Evaluation of sustainable strategies.

	Evaluation elements to address sustainability
Product provision	•Materials reduction: product/packaging materials used
	•Materials selection: bio-degradable or re-cycled materials
	•Lighter materials: weight reduction
	•Packaging: bio-degradable or re-cycled materials
	•Support for re-engineering: labelling parts
	•EoL: amount of parts that need to be disposed
Manufacturing process	•Process efficiencies: resource and energy reduction
	•By products: pollution and waste minimisation
	•Accessibility for product servicing/repairs
	•Support for re-engineering: ease of disassembly
	•Techniques that support product EoL processing

EoL: end of life.

Consumer acceptance of PSS goods and services is not well researched or documented in the extent literature. Traditional marketing techniques for assessing consumer reactions are based on the premise that products are purchased and used by the owners of the equipment. Theories, such as consumer acceptance of technology or diffusion theories, which address adoption of new products or technologies by organisations, are all based on the premise of product ownership rather than product leasing.
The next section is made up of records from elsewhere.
lemma odd_three_term_recurrence_eq_0:
  fixes f :: "real \<Rightarrow> 'a::field_char_0"
  assumes odd: "\<And>\<nu>. f (- \<nu>) = - f \<nu>"
    and recurrence: "\<And>\<nu>. f (\<nu> + 1) = f (\<nu> - 1) - c \<nu> * f \<nu>"
    and unit_interval: "\<And>\<nu>. 0 < \<nu> \<Longrightarrow> \<nu> < 1 \<Longrightarrow> f \<nu> = 0"
  shows "f \<nu> = 0"
proof -
  have neg_self: "a = - a \<Longrightarrow> a = 0" for a :: 'a
    by (simp add: eq_neg_iff_add_eq_0 flip: mult_2)
  have "f 0 = 0"
    using odd[of 0] neg_self by simp
  moreover have "f 1 = 0"
    using recurrence[of 0] odd[of 1] \<open>f 0 = 0\<close> neg_self by simp
  moreover have "f (- 1) = 0"
    using odd[of 1] \<open>f 1 = 0\<close> by simp
  ultimately have small: "f \<nu> = 0" if "\<bar>\<nu>\<bar> \<le> 1" for \<nu>
  proof (cases "\<nu> = - 1 \<or> \<nu> = 0 \<or> \<nu> = 1")
    case False
    with that have "0 < \<nu> \<and> \<nu> < 1 \<or> 0 < - \<nu> \<and> - \<nu> < 1"
      by arith
    then show ?thesis
      using unit_interval odd[of \<nu>] unit_interval[of "- \<nu>"] by auto
  qed (use \<open>f 0 = 0\<close> \<open>f 1 = 0\<close> \<open>f (- 1) = 0\<close> in auto)
  have step: "f (\<nu>\<^sub>0 + real n - 1) = 0 \<and> f (\<nu>\<^sub>0 + real n) = 0" if "0 \<le> \<nu>\<^sub>0" "\<nu>\<^sub>0 < 1" for \<nu>\<^sub>0 n
  proof (induction n)
    case 0
    show ?case using that by (auto intro!: small)
  next
    case (Suc n)
    then show ?case
      using recurrence[of "\<nu>\<^sub>0 + real n"] by (simp add: algebra_simps)
  qed
  have "f \<nu> = 0" if "0 \<le> \<nu>" for \<nu>
    using step[of "\<nu> - of_int \<lfloor>\<nu>\<rfloor>" "nat \<lfloor>\<nu>\<rfloor>"] that by simp linarith
  then show ?thesis
    using odd[of \<nu>] by (cases "0 \<le> \<nu>") auto
qed

theorem sin_mult_besselK_eq:
  assumes "0 < Re w"
  shows "of_real (sin (\<nu> * pi)) * besselK \<nu> w = of_real (pi / 2) * (besselI (- \<nu>) w - besselI \<nu> w)"
proof -
  define f where "f \<nu> = of_real (sin (\<nu> * pi)) * besselK \<nu> w - of_real (pi / 2) * (besselI (- \<nu>) w - besselI \<nu> w)"
    for \<nu>
  have "w \<noteq> 0" using assms by auto
  have "f \<nu> = 0"
  proof (rule odd_three_term_recurrence_eq_0[where c = "\<lambda>\<nu>. 2 * of_real \<nu> / w"])
    show "f (- \<nu>) = - f \<nu>" for \<nu>
      unfolding f_def by (simp add: besselK_even algebra_simps)
    show "f \<nu> = 0" if "0 < \<nu>" "\<nu> < 1" for \<nu>
      using sin_mult_besselK_eq_on_unit_interval[OF that assms] unfolding f_def by simp
    show "f (\<nu> + 1) = f (\<nu> - 1) - 2 * of_real \<nu> / w * f \<nu>" for \<nu>
    proof -
      have "sin ((\<nu> + 1) * pi) = - sin (\<nu> * pi)" "sin ((\<nu> - 1) * pi) = - sin (\<nu> * pi)"
        by (simp_all add: distrib_right left_diff_distrib sin_add sin_diff)
      moreover have "besselK (\<nu> + 1) w = besselK (\<nu> - 1) w + 2 * of_real \<nu> / w * besselK \<nu> w"
        using besselK_recurrence[OF assms, of \<nu>] \<open>w \<noteq> 0\<close> by (simp add: field_simps)
      moreover have "besselI (\<nu> + 1) w = besselI (\<nu> - 1) w - 2 * of_real \<nu> / w * besselI \<nu> w"
        using besselI_recurrence[OF \<open>w \<noteq> 0\<close>, of \<nu>] by simp
      moreover have "besselI (- (\<nu> + 1)) w = besselI (- (\<nu> - 1)) w - 2 * of_real \<nu> / w * besselI (- \<nu>) w"
      proof -
        have "- (\<nu> + 1) = - \<nu> - 1" "- (\<nu> - 1) = - \<nu> + 1"
          by simp_all
        with besselI_recurrence[OF \<open>w \<noteq> 0\<close>, of "- \<nu>"] show ?thesis
          by (simp only:) simp
      qed
      ultimately show ?thesis
        unfolding f_def by (simp only:) (simp add: algebra_simps)
    qed
  qed
  then show ?thesis
    unfolding f_def by simp
qed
The revenue model for a manufacturing firm that is supplying equipment for PSS applications comprises three generic revenue sources as identified by De Coster: ¹⁹ PSS contracts; product sales and bespoke (or custom development of) products or consulting services. Forecasts will need to be established for each of these three generic revenue sources that requires good insights into the service aspects that matter to customers, which entails a close working relationship that can best be realised when a vendor has a service team co-located with the customer.

Forecasting methods for products, and separately for services, are well documented in the extant literature, however, the literature concerning forecasting for PSSs is not yet well established. The difficulty with a move to PSSs is that the timescales in which the forecasts can be proved to be valid are lengthy, which prevents using historic data as a basis for developing predictions on take up of services of this nature.